117 Non-B DNA structure-induced genetic instability in mammalian cells

Abstract

Repetitive regions of genomic DNA can adopt a number of different structures, e.g. Z-DNA and they are at risk for increased genetic instability and disease development [As reviewed in (Zhao, Bacolla, Wang, & Vasquez, 2010)]. We found Z-DNA structure is intrinsically mutagenic in cultured mammalian cells and in chromosomes of transgenic mice (Wang Carbajal, Vijg, DiGiovanni, & Vasquez, 2008). Our recent data showed CG14 repeats, a model Z-DNA-forming sequence, could stall DNA polymerase progress in mammalian COS-7 cells, while AT14 repeats that does not form Z-DNA conformation, did not affect replication.

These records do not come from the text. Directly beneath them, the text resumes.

lemma short_lattice_vectors_span:
  fixes \<alpha> :: "real^'n"
  defines "M \<equiv> real (CARD('n) + 1)"
  assumes bad: "badly_approximable_upto \<alpha> Q \<delta>" and Q: "Q > 0" and \<delta>: "0 < \<delta>" "\<delta> \<le> 1"
    and R: "R \<ge> 1" "R * \<delta> \<le> 1" and vol: "(10 * M) ^ CARD('n) \<le> R * Q * \<delta> ^ CARD('n)"
  obtains S where "S \<subseteq> lattice Q \<delta> \<alpha>" "finite S" "span S = UNIV" "\<And>s i. s \<in> S \<Longrightarrow> \<bar>s$i\<bar> \<le> R"
proof -
  define U where "U = nat (2 * \<lceil>M * R\<rceil> + 1) ^ CARD('n)"
  have "1 \<le> M" unfolding M_def by simp
  hence MR: "1 \<le> M * R" using mult_mono[of 1 M 1 R] R(1) by simp
  have "real U \<le> (5 * M * R) ^ CARD('n)"
  proof -
    have "real (nat (2 * \<lceil>M * R\<rceil> + 1)) \<le> 5 * M * R" using MR by linarith
    thus ?thesis unfolding U_def by (simp add: power_mono)
  qed
  hence "real U * (2 / (R * \<delta>)) ^ CARD('n) \<le> (5 * M * R) ^ CARD('n) * (2 / (R * \<delta>)) ^ CARD('n)"
    by (rule mult_right_mono) (use R \<delta> in auto)
  also have "\<dots> = (10 * M) ^ CARD('n) / \<delta> ^ CARD('n)"
  proof -
    have "5 * M * R * (2 / (R * \<delta>)) = 10 * M / \<delta>" using R \<delta> by (simp add: field_simps)
    thus ?thesis by (metis power_mult_distrib power_divide)
  qed
  also have "\<dots> \<le> R * Q" using vol \<delta> by (simp add: divide_le_eq)
  finally obtain S where S: "S \<subseteq> lattice Q \<delta> \<alpha>" "finite S" "U < card S"
    and short: "\<And>s i. s \<in> S \<Longrightarrow> \<bar>s$i\<bar> \<le> R"
    using many_short_lattice_vectors[OF Q \<delta>(1) _ R(2)] R(1) by auto
  have "\<exists>i. 1 \<le> \<bar>s$i - t$i\<bar>" if "s \<in> S" "t \<in> S" "s \<noteq> t" for s t
    using lattice_nonzero_component_ge_one[OF bad Q \<delta> lattice_diff_mem] that S(1) by fastforce
  moreover have "CARD('n option) = CARD('n) + 1" by (simp add: card_option)
  ultimately have "span S = UNIV"
    using span_eq_UNIV_if_card_separated_gt[where S = S, OF _ short] S(3)
    unfolding U_def M_def by simp
  with S short show ?thesis by (intro that) auto
qed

These data suggested a replication-dependent model of Z-DNA-induced mutagenesis in mammalian cells. In addition, we also found that Z-DNA caused mutation and DNA breakage in the absence of DNA replication, and the spectrum of mutation from unreplicated system tended to have more large deletions than replicated DNA, suggested a replicated-independent pathway of Z-DNA-induced genetic instability (Wang, Christensen, & Vasquez, 2004). Several DNA repair proteins were found to be involved in Z-DNA induced mutagenesis, but in different ways: adding XPA protein back in, otherwise, deficient XP12RO cells increased Z-DNA-induced mutation frequency by −50%, while expressing MSH2 protein in Hec59 cells reduced Z-DNA-induced mutation frequency by −25%. Interestingly, cytosine methylation in CpG repeats induced higher frequencies of deletions and rearrangements with a broader mutant size distribution than that found with unmethylated CpG repeats. We discovered that unusual structural features of the methylated CpG sequences precluded local nucleosome assembly leading to genetic instability. Thus, non-B DNA-induced mutation appears to be a very complex process where DNA replication, repair and epigenetic modification are all involved.